-- WHAT IS REQUIRED --
Locate the line that contains "T l (\<lambda>k." in the entries below, then repeat it and every following line through the line that contains "1) - \<phi> t", exactly, and no others.

-- THE DATA --
Start of Block

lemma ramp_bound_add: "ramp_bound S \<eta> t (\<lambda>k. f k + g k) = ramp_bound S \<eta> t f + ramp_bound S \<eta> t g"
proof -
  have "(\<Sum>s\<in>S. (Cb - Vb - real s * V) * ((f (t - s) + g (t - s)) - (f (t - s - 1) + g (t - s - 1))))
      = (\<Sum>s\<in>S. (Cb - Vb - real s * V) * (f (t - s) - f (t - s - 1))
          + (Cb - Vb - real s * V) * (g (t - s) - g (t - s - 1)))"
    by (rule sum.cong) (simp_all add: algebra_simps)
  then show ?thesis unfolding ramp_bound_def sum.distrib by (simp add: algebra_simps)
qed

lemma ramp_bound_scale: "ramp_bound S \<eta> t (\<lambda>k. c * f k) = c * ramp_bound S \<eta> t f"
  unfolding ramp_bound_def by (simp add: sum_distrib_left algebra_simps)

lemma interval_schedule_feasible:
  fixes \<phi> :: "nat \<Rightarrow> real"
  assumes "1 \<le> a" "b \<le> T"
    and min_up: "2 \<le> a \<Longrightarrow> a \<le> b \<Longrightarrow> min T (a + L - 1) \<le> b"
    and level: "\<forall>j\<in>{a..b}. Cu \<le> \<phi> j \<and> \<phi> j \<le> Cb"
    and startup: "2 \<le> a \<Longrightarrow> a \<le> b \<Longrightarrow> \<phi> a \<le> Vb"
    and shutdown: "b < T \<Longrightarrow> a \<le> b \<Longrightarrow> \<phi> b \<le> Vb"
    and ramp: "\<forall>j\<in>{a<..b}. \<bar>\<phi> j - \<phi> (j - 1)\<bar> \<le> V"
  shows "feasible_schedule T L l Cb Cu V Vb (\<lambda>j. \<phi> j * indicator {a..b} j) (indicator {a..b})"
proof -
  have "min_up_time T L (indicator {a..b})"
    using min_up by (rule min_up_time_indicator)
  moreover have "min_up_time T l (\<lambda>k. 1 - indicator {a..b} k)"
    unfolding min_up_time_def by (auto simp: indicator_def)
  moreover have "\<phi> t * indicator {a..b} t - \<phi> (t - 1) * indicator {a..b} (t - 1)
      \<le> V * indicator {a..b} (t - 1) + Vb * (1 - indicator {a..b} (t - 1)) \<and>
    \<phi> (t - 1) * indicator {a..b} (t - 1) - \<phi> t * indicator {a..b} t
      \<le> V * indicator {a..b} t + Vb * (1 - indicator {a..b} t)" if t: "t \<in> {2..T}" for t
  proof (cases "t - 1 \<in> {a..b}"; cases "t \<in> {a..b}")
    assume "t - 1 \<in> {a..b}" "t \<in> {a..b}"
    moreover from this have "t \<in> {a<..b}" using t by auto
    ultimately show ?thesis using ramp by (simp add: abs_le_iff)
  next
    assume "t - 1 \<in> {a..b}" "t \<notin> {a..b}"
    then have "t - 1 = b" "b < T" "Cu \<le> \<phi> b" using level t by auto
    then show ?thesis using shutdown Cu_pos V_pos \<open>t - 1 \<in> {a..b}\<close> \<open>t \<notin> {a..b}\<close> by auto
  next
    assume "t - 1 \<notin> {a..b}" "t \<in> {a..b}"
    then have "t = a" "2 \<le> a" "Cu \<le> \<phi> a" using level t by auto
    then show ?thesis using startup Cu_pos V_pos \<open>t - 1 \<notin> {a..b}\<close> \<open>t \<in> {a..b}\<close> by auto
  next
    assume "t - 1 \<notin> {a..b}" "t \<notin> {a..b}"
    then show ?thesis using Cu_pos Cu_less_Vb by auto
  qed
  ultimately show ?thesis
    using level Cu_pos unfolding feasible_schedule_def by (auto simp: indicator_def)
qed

End of Block

-- SOLUTION FOR THIS EXERCISE --
  moreover have "min_up_time T l (\<lambda>k. 1 - indicator {a..b} k)"
    unfolding min_up_time_def by (auto simp: indicator_def)
  moreover have "\<phi> t * indicator {a..b} t - \<phi> (t - 1) * indicator {a..b} (t - 1)
      \<le> V * indicator {a..b} (t - 1) + Vb * (1 - indicator {a..b} (t - 1)) \<and>
    \<phi> (t - 1) * indicator {a..b} (t - 1) - \<phi> t * indicator {a..b} t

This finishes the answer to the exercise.